Re: Strange Socket problem

Knute Johnson <>
Fri, 02 Mar 2012 17:18:04 -0800
On 3/2/2012 4:00 PM, Lew wrote:

Knute Johnson wrote:

The volatiles exist because the methods that access them can be called
other threads. I could have synchronized the start() stop() methods
but not
easily the socket variable in the run() method. I thought it was
cleaner to
just use volatile.

I see a problem right there.

public void disconnect() {
if (isConnected())
if (socket != null)
try {
} catch (IOException ioe) {

Since these are controlled by separate synchronization (different
'volatile' variables) there's a race condition trying to work with both
at once.

I don't think so.

Also, 'socket' can become 'null' between the check for not 'null' and
the 'close()' call.

Only if I set it to null and I don't. That is there so that if the
Socket doesn't make the first connection when disconnect() is called
that I won't get a NPE.

You need to synchronize with 'synchronized' or other strong mechanism.
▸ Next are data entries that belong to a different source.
lemma degree_mset_Khat_map_adj:
  assumes "length as = s" "sum_list as = r"
  shows "image_mset (gdeg (r + s) (Khat_map_adj r s (block_of as))) (mset_set {..<r + s})
    = replicate_mset r r + mset as"
proof -
  let ?d = "gdeg (r + s) (Khat_map_adj r s (block_of as))"
  have "?d v = r" if "v < r" for v
    using gdeg_Khat_map_adj_clique[of r "block_of as" s v] block_of_less[of _ as] assms that
    by simp
  then have "image_mset ?d (mset_set {..<r}) = image_mset (\<lambda>_. r) (mset_set {..<r})"
    by (intro image_mset_cong) simp
  then have clique: "image_mset ?d (mset_set {..<r}) = replicate_mset r r"
    by (simp add: image_mset_const_eq)
  have "(+) r ` {..<s} = {r..<r + s}"
    using image_add_atLeastLessThan[of r 0 s] by (simp add: atLeast0LessThan add.commute)
  then have "mset_set {r..<r + s} = image_mset ((+) r) (mset_set {..<s})"
    by (simp add: image_mset_mset_set)
  then have "image_mset ?d (mset_set {r..<r + s}) = image_mset (\<lambda>j. ?d (r + j)) (mset_set {..<s})"
    by (simp add: multiset.map_comp comp_def)
  also have "\<dots> = image_mset (\<lambda>j. as ! j) (mset_set {..<s})"
    using gdeg_Khat_map_adj_hub[of r _ s] card_block_of_fibre[of _ as] assms
    by (intro image_mset_cong) simp
  also have "\<dots> = mset (map (\<lambda>j. as ! j) [0..<s])"
    by (simp add: atLeast0LessThan)
  also have "\<dots> = mset as"
    using assms(1) map_nth[of as] by simp
  finally have hubs: "image_mset ?d (mset_set {r..<r + s}) = mset as" .
  have split: "{..<r + s} = {..<r} \<union> {r..<r + s}" by auto
  have "mset_set {..<r + s} = mset_set {..<r} + mset_set {r..<r + s}"
    unfolding split by (rule mset_set_Union) auto
  then show ?thesis by (simp add: clique hubs)
qed

lemma not_graph_iso_Khat_map_adj:
  assumes "length as = s" "sum_list as = r" "length bs = s" "sum_list bs = r"
    and "mset as \<noteq> mset bs"
  shows "\<not> graph_iso {..<r + s} (Khat_map_adj r s (block_of as))
                     {..<r + s} (Khat_map_adj r s (block_of bs))"
proof
  assume "graph_iso {..<r + s} (Khat_map_adj r s (block_of as))
                     {..<r + s} (Khat_map_adj r s (block_of bs))"
  then have "replicate_mset r r + mset as = replicate_mset r r + mset bs"
    using degree_mset_Khat_map_adj[of as s r] degree_mset_Khat_map_adj[of bs s r] assms
    by (simp add: graph_iso_degree_mset)
  with assms(5) show False by simp
qed

section \<open>The random walk operator\<close>

definition mat_apply :: "nat \<Rightarrow> (nat \<times> nat \<Rightarrow> real) \<Rightarrow> (nat \<Rightarrow> real) \<Rightarrow> nat \<Rightarrow> real" where
  "mat_apply n f X i = (\<Sum>m<n. f (i, m) * X m)"

definition delta :: "nat \<Rightarrow> nat \<Rightarrow> real" where
  "delta k m = (if m = k then 1 else 0)"

lemma sum_delta_mult:
  assumes "k < n" shows "(\<Sum>m<n. delta k m * X m) = X k"
proof -
  have "(\<Sum>m<n. delta k m * X m) = (\<Sum>m<n. if m = k then X k else 0)"
    by (rule sum.cong) (auto simp: delta_def)
  then show ?thesis using assms by simp
qed

lemma mat_apply_delta: "k < n \<Longrightarrow> mat_apply n f (delta k) i = f (i, k)"
  unfolding mat_apply_def using sum_delta_mult[of k n "\<lambda>m. f (i, m)"] by (simp add: mult.commute)

lemma mat_apply_cong: "(\<And>m. m < n \<Longrightarrow> X m = Y m) \<Longrightarrow> mat_apply n f X i = mat_apply n f Y i"
  unfolding mat_apply_def by (auto intro!: sum.cong)

lemma index_mat_mult_mat:
  "i < n \<Longrightarrow> k < n \<Longrightarrow> (mat n n f * mat n n g) $$ (i, k) = mat_apply n f (\<lambda>m. g (m, k)) i"
  unfolding mat_apply_def by (simp add: scalar_prod_def atLeast0LessThan)

lemma sum_lessThan_add: "(\<Sum>m<r + (s::nat). h m) = (\<Sum>m<r. h m) + (\<Sum>j<s. h (r + j))"
  by (induction s) (auto simp: add.assoc)

definition walk :: "nat \<Rightarrow> nat \<Rightarrow> (nat \<Rightarrow> nat) \<Rightarrow> nat \<times> nat \<Rightarrow> real" where
  "walk r s g = (\<lambda>(v, u). if Khat_map_adj r s g v u
     then 1 / real (gdeg (r + s) (Khat_map_adj r s g) v) else 0)"

lemma laplacians_Khat_map_adj:
  "std_laplacian (r + s) (Khat_map_adj r s g) = 1\<^sub>m (r + s) - mat (r + s) (r + s) (walk r s g)"
  "signless_std_laplacian (r + s) (Khat_map_adj r s g) = 1\<^sub>m (r + s) + mat (r + s) (r + s) (walk r s g)"
  unfolding std_laplacian_def signless_std_laplacian_def walk_def
  by (rule eq_matI; auto)+

definition fibre_avg :: "nat \<Rightarrow> (nat \<Rightarrow> nat) \<Rightarrow> (nat \<Rightarrow> real) \<Rightarrow> nat \<Rightarrow> real" where
  "fibre_avg r g X j = (\<Sum>u\<in>{u. u < r \<and> g u = j}. X u) / real (card {u. u < r \<and> g u = j})"

definition walk_step :: "nat \<Rightarrow> nat \<Rightarrow> (nat \<Rightarrow> nat) \<Rightarrow> (nat \<Rightarrow> real) \<Rightarrow> nat \<Rightarrow> real" where
  "walk_step r s g X v = (if v < r then ((\<Sum>u<r. X u) - X v + X (r + g v)) / real r
     else fibre_avg r g X (v - r))"

lemma mat_apply_walk:
  assumes g: "\<And>u. u < r \<Longrightarrow> g u < s" and v: "v < r + s"
  shows "mat_apply (r + s) (walk r s g) X v = walk_step r s g X v"
proof -
  have split: "mat_apply (r + s) (walk r s g) X v
      = (\<Sum>m<r. walk r s g (v, m) * X m) + (\<Sum>j<s. walk r s g (v, r + j) * X (r + j))"
    unfolding mat_apply_def by (rule sum_lessThan_add)
  show ?thesis
  proof (cases "v < r")
    case True
    note deg = gdeg_Khat_map_adj_clique[of r g s v, OF g True]
    have "(\<Sum>m<r. walk r s g (v, m) * X m) = (\<Sum>m<r. if m = v then 0 else X m / real r)"
      by (rule sum.cong) (use True deg in \<open>auto simp: walk_def Khat_map_adj_def\<close>)
    also have "\<dots> = (\<Sum>m\<in>{..<r} - {v}. X m / real r)"
      using True by (simp add: sum.If_cases Diff_eq)
    also have "\<dots> = ((\<Sum>m<r. X m) - X v) / real r"
      using True by (simp add: sum_diff1 sum_divide_distrib[symmetric] diff_divide_distrib)
    finally have clique: "(\<Sum>m<r. walk r s g (v, m) * X m) = ((\<Sum>m<r. X m) - X v) / real r" .
    have "(\<Sum>j<s. walk r s g (v, r + j) * X (r + j))
        = (\<Sum>j<s. if j = g v then X (r + g v) / real r else 0)"
      by (rule sum.cong) (use True deg in \<open>auto simp: walk_def Khat_map_adj_def\<close>)
    also have "\<dots> = X (r + g v) / real r" using g[OF True] by simp
    finally show ?thesis
      unfolding split clique walk_step_def using True by (simp add: add_divide_distrib)
  next
    case False
    let ?F = "{u. u < r \<and> g u = v - r}"
    have "(\<Sum>j<s. walk r s g (v, r + j) * X (r + j)) = 0"
      by (rule sum.neutral) (use False in \<open>auto simp: walk_def Khat_map_adj_def\<close>)
    moreover have "(\<Sum>m<r. walk r s g (v, m) * X m)
        = (\<Sum>m<r. if g m = v - r then X m / real (card ?F) else 0)"
      by (rule sum.cong) (use False v gdeg_Khat_map_adj_hub[of r v s g] in
          \<open>auto simp: walk_def Khat_map_adj_def\<close>)
    moreover have "\<dots> = (\<Sum>m\<in>?F. X m / real (card ?F))"
      by (subst sum.inter_filter[symmetric]) (auto simp: lessThan_def)
    ultimately show ?thesis
      unfolding split walk_step_def fibre_avg_def using False by (simp add: sum_divide_distrib)
  qed
qed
I don't think so and here's why; isConnected only gets modified by one
thread and read by another, socket is only modified by one thread and
read by another. In the disconnect() method, as soon as isConnected()
is called, isConnected the volatile variable is read and that would make
socket current even if it weren't volatile which it is but I didn't want
to rely on side effects in case I changed code somewhere.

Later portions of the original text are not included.